lemma recovery_op_mult_adjoint:
  assumes f: "bij_betw f D G"
  shows "recovery_op E f * mat_adjoint (recovery_op E f) = 1\<^sub>m (2^n)"
proof -
  define T where "T = (\<lambda>\<xi>. Ph (f \<xi>) * P * E \<xi>)"
  have fG: "f \<xi> \<in> G" if "\<xi> \<in> D" for \<xi> using f that unfolding bij_betw_def by auto
  have T: "T \<xi> \<in> carrier_mat (2^n) (2^n)" if "\<xi> \<in> D" for \<xi>
    unfolding T_def using that by simp
  have T_mult_adjoint: "T \<xi> * mat_adjoint (T \<eta>)
      = (if \<xi> = \<eta> then (1 / 2^m) \<cdot>\<^sub>m Ph (f \<xi>) else 0\<^sub>m (2^n) (2^n))"
    if "\<xi> \<in> D" "\<eta> \<in> D" for \<xi> \<eta>
    unfolding T_def using that fG by (intro recovery_op_term_mult_adjoint)
  have "msum (2^n) T D * mat_adjoint (msum (2^n) T D)
      = msum (2^n) (\<lambda>\<xi>. T \<xi> * msum (2^n) (\<lambda>\<eta>. mat_adjoint (T \<eta>)) D) D"
    using T by (simp add: mat_adjoint_msum msum_mult)
  also have "\<dots> = msum (2^n) (\<lambda>\<xi>. msum (2^n) (\<lambda>\<eta>. T \<xi> * mat_adjoint (T \<eta>)) D) D"
    using T by (intro msum_cong mult_msum) auto
  also have "\<dots> = msum (2^n) (\<lambda>\<xi>. (1 / 2^m) \<cdot>\<^sub>m Ph (f \<xi>)) D"
  proof (rule msum_cong)
    fix \<xi> assume \<xi>: "\<xi> \<in> D"
    have "msum (2^n) (\<lambda>\<eta>. T \<xi> * mat_adjoint (T \<eta>)) D = T \<xi> * mat_adjoint (T \<xi>)"
      using \<xi> T by (intro msum_single) (auto simp: T_mult_adjoint)
    then show "msum (2^n) (\<lambda>\<eta>. T \<xi> * mat_adjoint (T \<eta>)) D = (1 / 2^m) \<cdot>\<^sub>m Ph (f \<xi>)"
      using \<xi> by (simp add: T_mult_adjoint)
  qed
  also have "\<dots> = (1 / 2^m) \<cdot>\<^sub>m msum (2^n) Ph G"
    by (simp add: smult_msum msum_reindex[OF f])
  finally show ?thesis
    unfolding recovery_op_def T_def[symmetric]
    by (simp add: mat_adjoint_smult smult_mult_smult_mat[of _ "2^n" "2^n"] msum_hatP smult_smult_mat
        flip: of_real_mult)
qed

lemma recovery_op_unitary:
  assumes f: "bij_betw f D G"
  shows "unitary_mat (2^n) (recovery_op E f)"
proof -
  have carrier: "recovery_op E f \<in> carrier_mat (2^n) (2^n)"
    unfolding recovery_op_def by simp
  show ?thesis
    unfolding unitary_mat_def using carrier recovery_op_mult_adjoint[OF f]
      mat_mult_left_right_inverse[OF carrier mat_adjoint_carrier[OF carrier] recovery_op_mult_adjoint[OF f]]
    by blast
qed

lemma recovery_op_mult_proj_pn:
  assumes E_triv: "E triv_char = 1\<^sub>m (2^n)" and f_triv: "f triv_char = g"
  shows "recovery_op E f * P = complex_of_real (sqrt (2^m)) \<cdot>\<^sub>m (Ph g * P)"
proof -
  have "P * E \<xi> * P = 0\<^sub>m (2^n) (2^n)" if "\<xi> \<in> D" "\<xi> \<noteq> triv_char" for \<xi>
    using E_orth[OF triv_char_in_dual_grp that(1)] that E_triv by simp
  then have "msum (2^n) (\<lambda>\<xi>. Ph (f \<xi>) * P * E \<xi> * P) D = Ph (f triv_char) * P * E triv_char * P"
    using triv_char_in_dual_grp by (intro msum_single) auto
  then show ?thesis
    unfolding recovery_op_def using E_triv f_triv by (simp add: msum_mult proj_pn_idem)
qed

end

end

theorem mainTheorem16:
  fixes n k :: nat
    and U :: "nat \<Rightarrow> complex mat"
    and Uh :: "(nat \<Rightarrow> complex) \<Rightarrow> complex mat"
    and E :: "(nat \<Rightarrow> complex) \<Rightarrow> complex mat"
    and h :: "(nat \<Rightarrow> complex) \<Rightarrow> nat \<Rightarrow> nat"
  assumes "1 \<le> n" and "k < n"
    and "pauli_stab_rep n (n - k) U"
    and "dual_rep n (n - k) U Uh"
    and E_pauli: "\<forall>\<xi>\<in>dual_grp (n - k). E \<xi> \<in> pauli_group n"
    and corr: "\<exists>e C. correctable_with (proj_pn n (n - k) U) E (dual_grp (n - k)) e C
               \<and> vec_space.rank (card (dual_grp (n - k))) C = 2^(n - k)
               \<and> invertible_mat C"
    and "E triv_char = 1\<^sub>m (2^n)"
    and "\<forall>\<xi>\<in>dual_grp (n - k). \<xi> \<noteq> triv_char \<longrightarrow>
           (\<forall>\<psi>\<in>H_pn n (n - k) U. \<forall>\<phi>\<in>H_pn n (n - k) U. (E \<xi> *\<^sub>v \<psi>) \<bullet>c \<phi> = 0)"
    and "\<forall>g\<in>grp (n - k). bij_betw (\<lambda>\<xi>. h \<xi> g) (dual_grp (n - k)) (grp (n - k))
                          \<and> h triv_char g = g"
  shows "\<forall>g\<in>grp (n - k).
           (let Eh = complex_of_real (sqrt (2^(n - k))) \<cdot>\<^sub>m
                     msum (2^n) (\<lambda>\<xi>. hatP n (n - k) Uh (h \<xi> g) * proj_pn n (n - k) U * E \<xi>)
                                (dual_grp (n - k))
            in unitary_mat (2^n) Eh
               \<and> Eh * proj_pn n (n - k) U
                   = complex_of_real (sqrt (2^(n - k))) \<cdot>\<^sub>m (hatP n (n - k) Uh g * proj_pn n (n - k) U))"
proof -
  have h: "bij_betw (\<lambda>\<xi>. h \<xi> g) (dual_grp (n - k)) (grp (n - k))" "h triv_char g = g"
    if "g \<in> grp (n - k)" for g
    using assms(9) that by auto
  have "card (dual_grp (n - k)) = 2^(n - k)"
    using bij_betw_same_card[OF h(1)[OF zero_in_grp]] by (simp add: card_grp)
  then interpret dual_projectors n "n - k" U Uh
    using assms(3,4) by unfold_locales
  have E: "\<And>\<xi>. \<xi> \<in> D \<Longrightarrow> E \<xi> \<in> pauli_group n"
    using E_pauli by blast
  obtain e C where corr_C: "correctable_with P E D e C" and C_inv: "invertible_mat C"
    using corr by blast
  have orth: "P * mat_adjoint (E \<xi>) * E \<eta> * P = 0\<^sub>m (2^n) (2^n)"
    if "\<xi> \<in> D" "\<eta> \<in> D" "\<xi> \<noteq> \<eta>" for \<xi> \<eta>
    by (rule nondegenerate_correctable_orthogonal[OF E corr_C C_inv that])
  have "unitary_mat (2^n) (recovery_op E (\<lambda>\<xi>. h \<xi> g))
      \<and> recovery_op E (\<lambda>\<xi>. h \<xi> g) * P = complex_of_real (sqrt (2^(n - k))) \<cdot>\<^sub>m (Ph g * P)"
    if "g \<in> G" for g
    using recovery_op_unitary[of E "\<lambda>\<xi>. h \<xi> g", OF E orth h(1)[OF that]]
      recovery_op_mult_proj_pn[of E "\<lambda>\<xi>. h \<xi> g", OF E orth assms(7) h(2)[OF that]] ..
  then show ?thesis
    unfolding recovery_op_def Let_def by blast
qed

--- --- ---

# [GOAL OF THE EXERCISE]
Extract each entry in full and write it down exactly.

# [EXPECTED ANSWER]
lemma recovery_op_mult_adjoint:
  assumes f: "bij_betw f D G"
  shows "recovery_op E f * mat_adjoint (recovery_op E f) = 1\<^sub>m (2^n)"
proof -
  define T where "T = (\<lambda>\<xi>. Ph (f \<xi>) * P * E \<xi>)"
  have fG: "f \<xi> \<in> G" if "\<xi> \<in> D" for \<xi> using f that unfolding bij_betw_def by auto
  have T: "T \<xi> \<in> carrier_mat (2^n) (2^n)" if "\<xi> \<in> D" for \<xi>
    unfolding T_def using that by simp
  have T_mult_adjoint: "T \<xi> * mat_adjoint (T \<eta>)
      = (if \<xi> = \<eta> then (1 / 2^m) \<cdot>\<^sub>m Ph (f \<xi>) else 0\<^sub>m (2^n) (2^n))"
    if "\<xi> \<in> D" "\<eta> \<in> D" for \<xi> \<eta>
    unfolding T_def using that fG by (intro recovery_op_term_mult_adjoint)
  have "msum (2^n) T D * mat_adjoint (msum (2^n) T D)
      = msum (2^n) (\<lambda>\<xi>. T \<xi> * msum (2^n) (\<lambda>\<eta>. mat_adjoint (T \<eta>)) D) D"
    using T by (simp add: mat_adjoint_msum msum_mult)
  also have "\<dots> = msum (2^n) (\<lambda>\<xi>. msum (2^n) (\<lambda>\<eta>. T \<xi> * mat_adjoint (T \<eta>)) D) D"
    using T by (intro msum_cong mult_msum) auto
  also have "\<dots> = msum (2^n) (\<lambda>\<xi>. (1 / 2^m) \<cdot>\<^sub>m Ph (f \<xi>)) D"
  proof (rule msum_cong)
    fix \<xi> assume \<xi>: "\<xi> \<in> D"
    have "msum (2^n) (\<lambda>\<eta>. T \<xi> * mat_adjoint (T \<eta>)) D = T \<xi> * mat_adjoint (T \<xi>)"
      using \<xi> T by (intro msum_single) (auto simp: T_mult_adjoint)
    then show "msum (2^n) (\<lambda>\<eta>. T \<xi> * mat_adjoint (T \<eta>)) D = (1 / 2^m) \<cdot>\<^sub>m Ph (f \<xi>)"
      using \<xi> by (simp add: T_mult_adjoint)
  qed
  also have "\<dots> = (1 / 2^m) \<cdot>\<^sub>m msum (2^n) Ph G"
    by (simp add: smult_msum msum_reindex[OF f])
  finally show ?thesis
    unfolding recovery_op_def T_def[symmetric]
    by (simp add: mat_adjoint_smult smult_mult_smult_mat[of _ "2^n" "2^n"] msum_hatP smult_smult_mat
        flip: of_real_mult)
qed

lemma recovery_op_unitary:
  assumes f: "bij_betw f D G"
  shows "unitary_mat (2^n) (recovery_op E f)"
proof -
  have carrier: "recovery_op E f \<in> carrier_mat (2^n) (2^n)"
    unfolding recovery_op_def by simp
  show ?thesis
    unfolding unitary_mat_def using carrier recovery_op_mult_adjoint[OF f]
      mat_mult_left_right_inverse[OF carrier mat_adjoint_carrier[OF carrier] recovery_op_mult_adjoint[OF f]]
    by blast
qed

lemma recovery_op_mult_proj_pn:
  assumes E_triv: "E triv_char = 1\<^sub>m (2^n)" and f_triv: "f triv_char = g"
  shows "recovery_op E f * P = complex_of_real (sqrt (2^m)) \<cdot>\<^sub>m (Ph g * P)"
proof -
  have "P * E \<xi> * P = 0\<^sub>m (2^n) (2^n)" if "\<xi> \<in> D" "\<xi> \<noteq> triv_char" for \<xi>
    using E_orth[OF triv_char_in_dual_grp that(1)] that E_triv by simp
  then have "msum (2^n) (\<lambda>\<xi>. Ph (f \<xi>) * P * E \<xi> * P) D = Ph (f triv_char) * P * E triv_char * P"
    using triv_char_in_dual_grp by (intro msum_single) auto
  then show ?thesis
    unfolding recovery_op_def using E_triv f_triv by (simp add: msum_mult proj_pn_idem)
qed

end

end

theorem mainTheorem16:
  fixes n k :: nat
    and U :: "nat \<Rightarrow> complex mat"
    and Uh :: "(nat \<Rightarrow> complex) \<Rightarrow> complex mat"
    and E :: "(nat \<Rightarrow> complex) \<Rightarrow> complex mat"
    and h :: "(nat \<Rightarrow> complex) \<Rightarrow> nat \<Rightarrow> nat"
  assumes "1 \<le> n" and "k < n"
    and "pauli_stab_rep n (n - k) U"
    and "dual_rep n (n - k) U Uh"
    and E_pauli: "\<forall>\<xi>\<in>dual_grp (n - k). E \<xi> \<in> pauli_group n"
    and corr: "\<exists>e C. correctable_with (proj_pn n (n - k) U) E (dual_grp (n - k)) e C
               \<and> vec_space.rank (card (dual_grp (n - k))) C = 2^(n - k)
               \<and> invertible_mat C"
    and "E triv_char = 1\<^sub>m (2^n)"
    and "\<forall>\<xi>\<in>dual_grp (n - k). \<xi> \<noteq> triv_char \<longrightarrow>
           (\<forall>\<psi>\<in>H_pn n (n - k) U. \<forall>\<phi>\<in>H_pn n (n - k) U. (E \<xi> *\<^sub>v \<psi>) \<bullet>c \<phi> = 0)"
    and "\<forall>g\<in>grp (n - k). bij_betw (\<lambda>\<xi>. h \<xi> g) (dual_grp (n - k)) (grp (n - k))
                          \<and> h triv_char g = g"
  shows "\<forall>g\<in>grp (n - k).
           (let Eh = complex_of_real (sqrt (2^(n - k))) \<cdot>\<^sub>m
                     msum (2^n) (\<lambda>\<xi>. hatP n (n - k) Uh (h \<xi> g) * proj_pn n (n - k) U * E \<xi>)
                                (dual_grp (n - k))
            in unitary_mat (2^n) Eh
               \<and> Eh * proj_pn n (n - k) U
                   = complex_of_real (sqrt (2^(n - k))) \<cdot>\<^sub>m (hatP n (n - k) Uh g * proj_pn n (n - k) U))"
proof -
  have h: "bij_betw (\<lambda>\<xi>. h \<xi> g) (dual_grp (n - k)) (grp (n - k))" "h triv_char g = g"
    if "g \<in> grp (n - k)" for g
    using assms(9) that by auto
  have "card (dual_grp (n - k)) = 2^(n - k)"
    using bij_betw_same_card[OF h(1)[OF zero_in_grp]] by (simp add: card_grp)
  then interpret dual_projectors n "n - k" U Uh
    using assms(3,4) by unfold_locales
  have E: "\<And>\<xi>. \<xi> \<in> D \<Longrightarrow> E \<xi> \<in> pauli_group n"
    using E_pauli by blast
  obtain e C where corr_C: "correctable_with P E D e C" and C_inv: "invertible_mat C"
    using corr by blast
  have orth: "P * mat_adjoint (E \<xi>) * E \<eta> * P = 0\<^sub>m (2^n) (2^n)"
    if "\<xi> \<in> D" "\<eta> \<in> D" "\<xi> \<noteq> \<eta>" for \<xi> \<eta>
    by (rule nondegenerate_correctable_orthogonal[OF E corr_C C_inv that])
  have "unitary_mat (2^n) (recovery_op E (\<lambda>\<xi>. h \<xi> g))
      \<and> recovery_op E (\<lambda>\<xi>. h \<xi> g) * P = complex_of_real (sqrt (2^(n - k))) \<cdot>\<^sub>m (Ph g * P)"
    if "g \<in> G" for g
    using recovery_op_unitary[of E "\<lambda>\<xi>. h \<xi> g", OF E orth h(1)[OF that]]
      recovery_op_mult_proj_pn[of E "\<lambda>\<xi>. h \<xi> g", OF E orth assms(7) h(2)[OF that]] ..
  then show ?thesis
    unfolding recovery_op_def Let_def by blast
qed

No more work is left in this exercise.